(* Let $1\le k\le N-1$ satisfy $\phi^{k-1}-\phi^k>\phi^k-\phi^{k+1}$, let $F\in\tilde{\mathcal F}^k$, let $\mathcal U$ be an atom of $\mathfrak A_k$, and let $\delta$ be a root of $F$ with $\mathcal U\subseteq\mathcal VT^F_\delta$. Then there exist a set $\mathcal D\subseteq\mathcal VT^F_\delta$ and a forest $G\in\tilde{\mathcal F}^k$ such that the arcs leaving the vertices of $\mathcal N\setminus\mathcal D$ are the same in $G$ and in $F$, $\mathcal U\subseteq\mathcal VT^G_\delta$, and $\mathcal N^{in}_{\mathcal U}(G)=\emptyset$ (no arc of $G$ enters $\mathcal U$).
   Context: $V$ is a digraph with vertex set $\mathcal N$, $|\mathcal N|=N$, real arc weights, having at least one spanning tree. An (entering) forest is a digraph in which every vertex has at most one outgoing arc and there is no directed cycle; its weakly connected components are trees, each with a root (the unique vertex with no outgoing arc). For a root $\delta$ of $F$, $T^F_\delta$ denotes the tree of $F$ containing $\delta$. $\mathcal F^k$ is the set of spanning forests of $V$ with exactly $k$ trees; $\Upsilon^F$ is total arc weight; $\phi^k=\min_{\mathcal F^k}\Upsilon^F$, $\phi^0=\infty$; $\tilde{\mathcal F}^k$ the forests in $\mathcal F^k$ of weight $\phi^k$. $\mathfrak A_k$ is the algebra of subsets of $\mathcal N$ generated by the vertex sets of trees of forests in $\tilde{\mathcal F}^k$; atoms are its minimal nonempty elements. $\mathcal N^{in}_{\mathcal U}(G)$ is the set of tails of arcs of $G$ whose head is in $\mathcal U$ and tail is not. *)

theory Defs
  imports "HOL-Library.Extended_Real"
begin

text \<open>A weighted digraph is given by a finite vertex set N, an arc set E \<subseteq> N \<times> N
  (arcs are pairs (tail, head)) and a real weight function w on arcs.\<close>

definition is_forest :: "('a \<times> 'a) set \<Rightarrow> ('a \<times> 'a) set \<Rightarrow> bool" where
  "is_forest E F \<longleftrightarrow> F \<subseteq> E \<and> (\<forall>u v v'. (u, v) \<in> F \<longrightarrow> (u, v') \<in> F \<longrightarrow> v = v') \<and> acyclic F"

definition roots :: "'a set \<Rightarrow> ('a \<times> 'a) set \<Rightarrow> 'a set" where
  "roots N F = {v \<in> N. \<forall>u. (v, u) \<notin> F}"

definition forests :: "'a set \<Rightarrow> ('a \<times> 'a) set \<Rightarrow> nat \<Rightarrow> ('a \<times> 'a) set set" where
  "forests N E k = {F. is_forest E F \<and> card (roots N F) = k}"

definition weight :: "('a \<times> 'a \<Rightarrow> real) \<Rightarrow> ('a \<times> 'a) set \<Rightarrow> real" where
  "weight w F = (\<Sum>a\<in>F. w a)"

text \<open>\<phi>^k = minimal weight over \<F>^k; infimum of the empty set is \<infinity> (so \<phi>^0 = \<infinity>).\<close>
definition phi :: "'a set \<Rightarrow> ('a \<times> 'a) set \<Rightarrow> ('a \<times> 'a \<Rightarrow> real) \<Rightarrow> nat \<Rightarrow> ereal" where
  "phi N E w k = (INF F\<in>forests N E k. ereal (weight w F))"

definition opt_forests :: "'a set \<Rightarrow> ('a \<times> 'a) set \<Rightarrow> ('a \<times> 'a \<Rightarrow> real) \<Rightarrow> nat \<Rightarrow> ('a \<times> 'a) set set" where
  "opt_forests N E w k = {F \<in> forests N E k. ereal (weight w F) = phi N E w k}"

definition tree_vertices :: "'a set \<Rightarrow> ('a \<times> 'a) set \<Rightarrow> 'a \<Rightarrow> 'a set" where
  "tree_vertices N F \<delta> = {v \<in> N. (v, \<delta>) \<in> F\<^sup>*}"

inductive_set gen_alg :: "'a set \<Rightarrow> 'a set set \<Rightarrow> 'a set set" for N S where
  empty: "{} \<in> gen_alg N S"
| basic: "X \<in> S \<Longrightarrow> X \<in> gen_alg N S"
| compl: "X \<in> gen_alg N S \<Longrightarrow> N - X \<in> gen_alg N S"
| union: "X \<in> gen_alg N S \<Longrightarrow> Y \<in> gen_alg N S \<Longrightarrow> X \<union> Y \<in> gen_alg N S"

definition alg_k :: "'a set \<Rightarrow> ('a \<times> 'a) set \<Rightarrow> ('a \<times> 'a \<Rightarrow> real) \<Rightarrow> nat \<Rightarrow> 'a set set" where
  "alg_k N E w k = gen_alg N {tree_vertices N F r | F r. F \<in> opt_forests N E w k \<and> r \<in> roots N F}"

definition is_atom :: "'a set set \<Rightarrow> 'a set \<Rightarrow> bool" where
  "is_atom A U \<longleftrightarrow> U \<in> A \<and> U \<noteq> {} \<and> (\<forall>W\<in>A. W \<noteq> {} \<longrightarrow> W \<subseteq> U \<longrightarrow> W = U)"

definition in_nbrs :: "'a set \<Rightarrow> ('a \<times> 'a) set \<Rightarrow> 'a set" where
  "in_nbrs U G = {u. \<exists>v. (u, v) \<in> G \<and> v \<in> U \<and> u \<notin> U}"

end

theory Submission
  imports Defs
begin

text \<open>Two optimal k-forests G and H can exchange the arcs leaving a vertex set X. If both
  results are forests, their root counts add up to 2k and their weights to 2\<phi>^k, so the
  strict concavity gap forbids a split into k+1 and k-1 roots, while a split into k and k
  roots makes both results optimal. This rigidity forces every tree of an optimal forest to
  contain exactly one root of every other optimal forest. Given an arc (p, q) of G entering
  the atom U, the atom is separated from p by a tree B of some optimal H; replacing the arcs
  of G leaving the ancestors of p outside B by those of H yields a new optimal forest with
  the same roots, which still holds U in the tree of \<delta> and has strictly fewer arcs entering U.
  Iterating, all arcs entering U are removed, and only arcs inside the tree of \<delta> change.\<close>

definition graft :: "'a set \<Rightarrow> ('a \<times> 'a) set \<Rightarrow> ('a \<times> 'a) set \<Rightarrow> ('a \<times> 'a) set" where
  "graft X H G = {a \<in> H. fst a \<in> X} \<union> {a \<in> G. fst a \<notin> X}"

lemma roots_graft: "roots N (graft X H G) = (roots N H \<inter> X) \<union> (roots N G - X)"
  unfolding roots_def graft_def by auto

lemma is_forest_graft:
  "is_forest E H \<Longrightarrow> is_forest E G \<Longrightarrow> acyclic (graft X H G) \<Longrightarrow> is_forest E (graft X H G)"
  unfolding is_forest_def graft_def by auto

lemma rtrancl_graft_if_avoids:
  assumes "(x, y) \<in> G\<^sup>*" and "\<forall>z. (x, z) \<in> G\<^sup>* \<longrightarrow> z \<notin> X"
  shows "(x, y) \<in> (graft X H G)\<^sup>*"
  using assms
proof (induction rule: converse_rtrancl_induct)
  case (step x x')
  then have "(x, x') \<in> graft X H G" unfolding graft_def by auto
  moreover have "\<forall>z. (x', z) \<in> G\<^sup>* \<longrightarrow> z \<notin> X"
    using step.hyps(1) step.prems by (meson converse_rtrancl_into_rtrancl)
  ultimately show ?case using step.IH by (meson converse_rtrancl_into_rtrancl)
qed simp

##############################

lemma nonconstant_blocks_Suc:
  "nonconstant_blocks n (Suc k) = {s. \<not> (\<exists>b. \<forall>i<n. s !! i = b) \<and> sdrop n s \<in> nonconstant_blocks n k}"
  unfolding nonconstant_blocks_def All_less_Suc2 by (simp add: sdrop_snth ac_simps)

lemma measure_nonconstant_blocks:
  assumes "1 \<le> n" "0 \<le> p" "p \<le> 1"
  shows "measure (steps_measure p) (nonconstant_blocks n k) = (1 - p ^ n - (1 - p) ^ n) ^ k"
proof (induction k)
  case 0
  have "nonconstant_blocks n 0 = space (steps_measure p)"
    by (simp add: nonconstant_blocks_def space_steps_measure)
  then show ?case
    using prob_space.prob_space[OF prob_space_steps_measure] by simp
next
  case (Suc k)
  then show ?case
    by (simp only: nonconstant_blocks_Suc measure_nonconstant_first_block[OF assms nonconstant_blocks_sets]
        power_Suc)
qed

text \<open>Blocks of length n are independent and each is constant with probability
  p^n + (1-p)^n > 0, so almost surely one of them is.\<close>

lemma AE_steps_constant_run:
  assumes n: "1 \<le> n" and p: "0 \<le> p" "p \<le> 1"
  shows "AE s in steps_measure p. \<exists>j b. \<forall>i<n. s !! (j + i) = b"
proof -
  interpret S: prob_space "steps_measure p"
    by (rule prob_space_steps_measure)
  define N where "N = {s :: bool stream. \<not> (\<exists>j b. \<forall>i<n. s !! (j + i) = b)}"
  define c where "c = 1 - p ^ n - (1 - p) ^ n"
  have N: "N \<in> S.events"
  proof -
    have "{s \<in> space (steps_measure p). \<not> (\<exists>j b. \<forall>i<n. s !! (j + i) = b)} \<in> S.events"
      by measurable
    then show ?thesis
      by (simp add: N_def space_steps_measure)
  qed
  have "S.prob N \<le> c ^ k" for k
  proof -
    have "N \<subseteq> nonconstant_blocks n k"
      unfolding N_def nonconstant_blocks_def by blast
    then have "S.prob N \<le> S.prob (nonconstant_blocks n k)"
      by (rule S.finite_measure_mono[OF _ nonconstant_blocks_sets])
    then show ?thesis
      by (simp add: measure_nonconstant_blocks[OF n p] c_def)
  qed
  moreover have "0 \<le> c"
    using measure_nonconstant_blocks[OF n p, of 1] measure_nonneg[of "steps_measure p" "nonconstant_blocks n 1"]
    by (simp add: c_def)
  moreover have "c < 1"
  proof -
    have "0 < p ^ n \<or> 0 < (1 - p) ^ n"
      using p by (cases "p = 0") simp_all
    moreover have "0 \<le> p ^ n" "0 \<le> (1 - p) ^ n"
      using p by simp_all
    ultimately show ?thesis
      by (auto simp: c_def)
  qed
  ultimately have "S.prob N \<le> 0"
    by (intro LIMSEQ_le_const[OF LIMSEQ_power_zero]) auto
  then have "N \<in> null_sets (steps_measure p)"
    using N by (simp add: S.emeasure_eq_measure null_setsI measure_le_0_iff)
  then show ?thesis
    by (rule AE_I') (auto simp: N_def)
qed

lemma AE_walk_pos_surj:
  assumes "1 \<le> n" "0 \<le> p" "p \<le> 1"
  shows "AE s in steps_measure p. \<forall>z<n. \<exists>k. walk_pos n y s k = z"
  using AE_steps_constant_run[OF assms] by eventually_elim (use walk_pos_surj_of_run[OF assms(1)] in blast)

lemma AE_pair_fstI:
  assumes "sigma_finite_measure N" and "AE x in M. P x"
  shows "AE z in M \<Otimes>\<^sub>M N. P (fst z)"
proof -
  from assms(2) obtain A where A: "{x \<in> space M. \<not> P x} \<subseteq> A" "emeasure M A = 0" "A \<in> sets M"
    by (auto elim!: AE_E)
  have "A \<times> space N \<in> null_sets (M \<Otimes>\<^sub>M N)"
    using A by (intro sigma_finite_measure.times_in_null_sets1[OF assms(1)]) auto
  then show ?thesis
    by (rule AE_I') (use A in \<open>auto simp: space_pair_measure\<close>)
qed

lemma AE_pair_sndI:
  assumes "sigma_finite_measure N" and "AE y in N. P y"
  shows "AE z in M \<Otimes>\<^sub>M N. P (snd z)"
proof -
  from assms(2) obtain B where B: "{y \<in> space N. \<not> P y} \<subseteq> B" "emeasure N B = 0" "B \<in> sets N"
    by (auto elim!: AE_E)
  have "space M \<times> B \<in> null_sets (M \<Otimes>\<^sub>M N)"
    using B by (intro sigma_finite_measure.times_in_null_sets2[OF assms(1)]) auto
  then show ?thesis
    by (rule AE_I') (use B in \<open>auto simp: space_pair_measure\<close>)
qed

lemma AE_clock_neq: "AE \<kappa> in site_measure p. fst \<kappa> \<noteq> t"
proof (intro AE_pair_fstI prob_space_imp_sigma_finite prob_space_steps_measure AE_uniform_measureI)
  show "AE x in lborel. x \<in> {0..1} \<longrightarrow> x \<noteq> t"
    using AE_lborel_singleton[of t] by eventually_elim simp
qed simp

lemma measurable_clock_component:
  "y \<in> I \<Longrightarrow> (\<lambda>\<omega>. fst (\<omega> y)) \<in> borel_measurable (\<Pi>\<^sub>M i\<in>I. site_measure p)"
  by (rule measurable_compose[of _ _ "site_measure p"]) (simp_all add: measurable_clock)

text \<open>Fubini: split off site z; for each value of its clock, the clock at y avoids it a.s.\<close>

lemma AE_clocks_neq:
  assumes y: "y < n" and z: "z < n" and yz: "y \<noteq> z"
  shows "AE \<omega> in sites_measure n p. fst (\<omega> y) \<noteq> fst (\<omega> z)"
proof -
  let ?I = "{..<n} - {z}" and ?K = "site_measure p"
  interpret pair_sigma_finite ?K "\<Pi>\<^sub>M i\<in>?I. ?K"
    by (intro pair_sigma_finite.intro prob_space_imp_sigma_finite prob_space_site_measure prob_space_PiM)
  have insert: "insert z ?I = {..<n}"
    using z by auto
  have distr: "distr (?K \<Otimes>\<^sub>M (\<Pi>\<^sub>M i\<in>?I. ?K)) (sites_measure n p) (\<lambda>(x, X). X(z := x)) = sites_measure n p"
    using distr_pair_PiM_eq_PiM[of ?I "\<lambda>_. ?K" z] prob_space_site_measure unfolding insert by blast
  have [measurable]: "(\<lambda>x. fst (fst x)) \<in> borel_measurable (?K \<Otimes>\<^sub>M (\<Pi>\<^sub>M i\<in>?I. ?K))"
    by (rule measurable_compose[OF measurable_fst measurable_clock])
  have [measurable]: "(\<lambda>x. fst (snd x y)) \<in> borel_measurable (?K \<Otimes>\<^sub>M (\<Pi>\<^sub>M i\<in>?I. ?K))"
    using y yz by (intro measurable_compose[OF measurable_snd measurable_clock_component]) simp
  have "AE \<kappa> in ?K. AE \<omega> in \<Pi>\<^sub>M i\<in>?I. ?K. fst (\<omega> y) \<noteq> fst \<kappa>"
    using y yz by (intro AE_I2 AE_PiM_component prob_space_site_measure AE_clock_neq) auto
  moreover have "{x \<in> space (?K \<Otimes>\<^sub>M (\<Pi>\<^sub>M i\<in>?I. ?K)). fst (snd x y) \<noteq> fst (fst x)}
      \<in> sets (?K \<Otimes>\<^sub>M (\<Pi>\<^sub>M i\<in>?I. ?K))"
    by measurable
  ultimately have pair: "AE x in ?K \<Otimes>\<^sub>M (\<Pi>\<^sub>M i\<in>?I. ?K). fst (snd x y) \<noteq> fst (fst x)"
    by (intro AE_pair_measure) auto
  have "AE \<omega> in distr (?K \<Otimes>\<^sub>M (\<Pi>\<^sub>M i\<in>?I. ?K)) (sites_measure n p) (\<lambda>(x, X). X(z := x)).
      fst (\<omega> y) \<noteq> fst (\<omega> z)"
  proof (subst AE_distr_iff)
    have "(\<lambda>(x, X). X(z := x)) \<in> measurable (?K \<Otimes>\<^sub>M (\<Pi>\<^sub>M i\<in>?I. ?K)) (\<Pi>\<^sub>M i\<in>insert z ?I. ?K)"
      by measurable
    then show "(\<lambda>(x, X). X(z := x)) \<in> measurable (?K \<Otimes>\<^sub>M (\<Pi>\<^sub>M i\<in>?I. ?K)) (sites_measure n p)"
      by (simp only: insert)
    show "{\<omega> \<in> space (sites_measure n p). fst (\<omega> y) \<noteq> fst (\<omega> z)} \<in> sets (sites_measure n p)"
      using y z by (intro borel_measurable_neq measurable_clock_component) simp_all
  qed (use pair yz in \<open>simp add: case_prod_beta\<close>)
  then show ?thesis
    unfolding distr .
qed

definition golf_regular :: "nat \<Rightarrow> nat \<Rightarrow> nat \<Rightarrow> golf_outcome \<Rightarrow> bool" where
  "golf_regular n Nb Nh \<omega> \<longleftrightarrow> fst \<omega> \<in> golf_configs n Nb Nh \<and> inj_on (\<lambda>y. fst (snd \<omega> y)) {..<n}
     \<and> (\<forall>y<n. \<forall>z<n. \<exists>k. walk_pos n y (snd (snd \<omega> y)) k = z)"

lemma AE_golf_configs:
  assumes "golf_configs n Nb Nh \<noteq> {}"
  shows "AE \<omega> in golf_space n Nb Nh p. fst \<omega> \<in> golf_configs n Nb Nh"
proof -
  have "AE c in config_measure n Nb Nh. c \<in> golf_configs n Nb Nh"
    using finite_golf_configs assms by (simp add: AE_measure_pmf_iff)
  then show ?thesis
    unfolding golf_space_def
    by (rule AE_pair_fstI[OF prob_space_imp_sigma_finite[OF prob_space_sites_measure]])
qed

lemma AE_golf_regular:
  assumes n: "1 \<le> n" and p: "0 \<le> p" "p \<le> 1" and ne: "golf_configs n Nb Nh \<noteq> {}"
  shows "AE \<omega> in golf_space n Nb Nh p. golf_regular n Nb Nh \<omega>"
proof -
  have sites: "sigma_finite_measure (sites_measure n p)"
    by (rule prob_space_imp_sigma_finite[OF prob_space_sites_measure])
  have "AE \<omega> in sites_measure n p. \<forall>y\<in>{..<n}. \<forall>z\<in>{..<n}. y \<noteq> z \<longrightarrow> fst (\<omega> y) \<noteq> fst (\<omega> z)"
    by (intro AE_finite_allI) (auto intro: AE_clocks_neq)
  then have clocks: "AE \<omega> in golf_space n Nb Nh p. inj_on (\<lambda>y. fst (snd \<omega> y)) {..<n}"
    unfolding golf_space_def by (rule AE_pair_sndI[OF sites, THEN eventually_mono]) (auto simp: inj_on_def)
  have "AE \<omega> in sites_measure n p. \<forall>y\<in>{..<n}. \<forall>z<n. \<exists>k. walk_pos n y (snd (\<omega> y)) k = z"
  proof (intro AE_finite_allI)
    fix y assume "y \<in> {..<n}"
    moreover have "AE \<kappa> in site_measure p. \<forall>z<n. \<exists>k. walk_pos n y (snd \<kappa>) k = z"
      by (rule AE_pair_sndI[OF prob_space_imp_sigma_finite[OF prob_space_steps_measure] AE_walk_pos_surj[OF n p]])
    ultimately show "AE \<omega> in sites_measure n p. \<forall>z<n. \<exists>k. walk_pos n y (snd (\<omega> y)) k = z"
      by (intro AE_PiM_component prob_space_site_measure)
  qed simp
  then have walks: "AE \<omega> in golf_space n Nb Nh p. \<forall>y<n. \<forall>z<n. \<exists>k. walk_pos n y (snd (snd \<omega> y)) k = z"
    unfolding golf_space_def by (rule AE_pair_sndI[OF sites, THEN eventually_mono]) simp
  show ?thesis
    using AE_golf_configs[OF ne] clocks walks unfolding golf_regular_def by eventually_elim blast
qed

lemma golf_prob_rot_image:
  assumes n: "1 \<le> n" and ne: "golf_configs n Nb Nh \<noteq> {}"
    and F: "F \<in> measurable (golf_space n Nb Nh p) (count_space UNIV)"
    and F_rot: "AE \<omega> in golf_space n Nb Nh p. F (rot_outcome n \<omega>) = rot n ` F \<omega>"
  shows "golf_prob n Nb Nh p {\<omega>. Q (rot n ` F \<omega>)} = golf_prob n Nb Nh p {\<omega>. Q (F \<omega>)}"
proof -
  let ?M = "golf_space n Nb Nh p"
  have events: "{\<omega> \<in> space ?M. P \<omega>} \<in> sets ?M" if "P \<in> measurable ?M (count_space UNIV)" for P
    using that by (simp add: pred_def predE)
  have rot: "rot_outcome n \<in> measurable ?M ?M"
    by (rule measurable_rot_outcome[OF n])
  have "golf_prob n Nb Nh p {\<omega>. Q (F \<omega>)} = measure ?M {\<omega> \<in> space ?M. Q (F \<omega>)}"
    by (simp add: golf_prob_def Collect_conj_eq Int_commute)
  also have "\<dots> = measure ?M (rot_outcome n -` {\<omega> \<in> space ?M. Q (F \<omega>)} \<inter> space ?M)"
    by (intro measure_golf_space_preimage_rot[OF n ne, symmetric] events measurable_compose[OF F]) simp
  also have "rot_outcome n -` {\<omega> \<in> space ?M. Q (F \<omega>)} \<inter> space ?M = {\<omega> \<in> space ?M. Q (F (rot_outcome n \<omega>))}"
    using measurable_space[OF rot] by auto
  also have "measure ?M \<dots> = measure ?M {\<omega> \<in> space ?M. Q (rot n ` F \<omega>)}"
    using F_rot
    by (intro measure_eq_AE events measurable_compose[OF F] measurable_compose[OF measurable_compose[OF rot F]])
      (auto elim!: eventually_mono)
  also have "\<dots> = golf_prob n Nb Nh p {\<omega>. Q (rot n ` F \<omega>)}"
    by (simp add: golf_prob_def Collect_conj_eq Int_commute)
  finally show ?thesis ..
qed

##############################

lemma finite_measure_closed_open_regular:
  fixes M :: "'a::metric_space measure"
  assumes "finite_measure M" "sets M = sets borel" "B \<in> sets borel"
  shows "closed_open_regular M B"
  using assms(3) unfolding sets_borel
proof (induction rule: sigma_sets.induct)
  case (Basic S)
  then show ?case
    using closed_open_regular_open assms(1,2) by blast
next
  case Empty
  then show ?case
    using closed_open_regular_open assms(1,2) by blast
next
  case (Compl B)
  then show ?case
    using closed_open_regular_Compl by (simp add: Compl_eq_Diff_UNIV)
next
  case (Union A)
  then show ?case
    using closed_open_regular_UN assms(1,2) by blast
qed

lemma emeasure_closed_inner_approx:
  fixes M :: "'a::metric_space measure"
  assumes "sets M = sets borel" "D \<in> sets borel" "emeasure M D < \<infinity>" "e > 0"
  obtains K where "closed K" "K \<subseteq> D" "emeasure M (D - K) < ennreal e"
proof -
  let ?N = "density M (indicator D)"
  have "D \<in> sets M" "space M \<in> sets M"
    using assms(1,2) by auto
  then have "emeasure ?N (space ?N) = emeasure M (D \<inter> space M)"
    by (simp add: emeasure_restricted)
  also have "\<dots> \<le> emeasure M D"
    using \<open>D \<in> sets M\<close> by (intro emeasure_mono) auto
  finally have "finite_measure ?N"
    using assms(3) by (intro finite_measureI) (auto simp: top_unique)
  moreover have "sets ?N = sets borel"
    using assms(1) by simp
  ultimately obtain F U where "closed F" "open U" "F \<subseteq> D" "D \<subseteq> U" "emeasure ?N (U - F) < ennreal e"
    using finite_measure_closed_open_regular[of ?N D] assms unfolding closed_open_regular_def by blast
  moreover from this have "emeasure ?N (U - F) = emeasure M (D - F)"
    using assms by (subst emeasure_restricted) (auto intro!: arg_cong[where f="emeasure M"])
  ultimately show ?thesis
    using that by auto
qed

##############################

◆ Task requirements ◆
Within the material above, copy exactly the lines from the line that holds "(* Let $1\le" up to and including the line that holds "(v, u) \<notin>".

◆ Exercise solution ◆
(* Let $1\le k\le N-1$ satisfy $\phi^{k-1}-\phi^k>\phi^k-\phi^{k+1}$, let $F\in\tilde{\mathcal F}^k$, let $\mathcal U$ be an atom of $\mathfrak A_k$, and let $\delta$ be a root of $F$ with $\mathcal U\subseteq\mathcal VT^F_\delta$. Then there exist a set $\mathcal D\subseteq\mathcal VT^F_\delta$ and a forest $G\in\tilde{\mathcal F}^k$ such that the arcs leaving the vertices of $\mathcal N\setminus\mathcal D$ are the same in $G$ and in $F$, $\mathcal U\subseteq\mathcal VT^G_\delta$, and $\mathcal N^{in}_{\mathcal U}(G)=\emptyset$ (no arc of $G$ enters $\mathcal U$).
   Context: $V$ is a digraph with vertex set $\mathcal N$, $|\mathcal N|=N$, real arc weights, having at least one spanning tree. An (entering) forest is a digraph in which every vertex has at most one outgoing arc and there is no directed cycle; its weakly connected components are trees, each with a root (the unique vertex with no outgoing arc). For a root $\delta$ of $F$, $T^F_\delta$ denotes the tree of $F$ containing $\delta$. $\mathcal F^k$ is the set of spanning forests of $V$ with exactly $k$ trees; $\Upsilon^F$ is total arc weight; $\phi^k=\min_{\mathcal F^k}\Upsilon^F$, $\phi^0=\infty$; $\tilde{\mathcal F}^k$ the forests in $\mathcal F^k$ of weight $\phi^k$. $\mathfrak A_k$ is the algebra of subsets of $\mathcal N$ generated by the vertex sets of trees of forests in $\tilde{\mathcal F}^k$; atoms are its minimal nonempty elements. $\mathcal N^{in}_{\mathcal U}(G)$ is the set of tails of arcs of $G$ whose head is in $\mathcal U$ and tail is not. *)

theory Defs
  imports "HOL-Library.Extended_Real"
begin

text \<open>A weighted digraph is given by a finite vertex set N, an arc set E \<subseteq> N \<times> N
  (arcs are pairs (tail, head)) and a real weight function w on arcs.\<close>

definition is_forest :: "('a \<times> 'a) set \<Rightarrow> ('a \<times> 'a) set \<Rightarrow> bool" where
  "is_forest E F \<longleftrightarrow> F \<subseteq> E \<and> (\<forall>u v v'. (u, v) \<in> F \<longrightarrow> (u, v') \<in> F \<longrightarrow> v = v') \<and> acyclic F"

definition roots :: "'a set \<Rightarrow> ('a \<times> 'a) set \<Rightarrow> 'a set" where
  "roots N F = {v \<in> N. \<forall>u. (v, u) \<notin> F}"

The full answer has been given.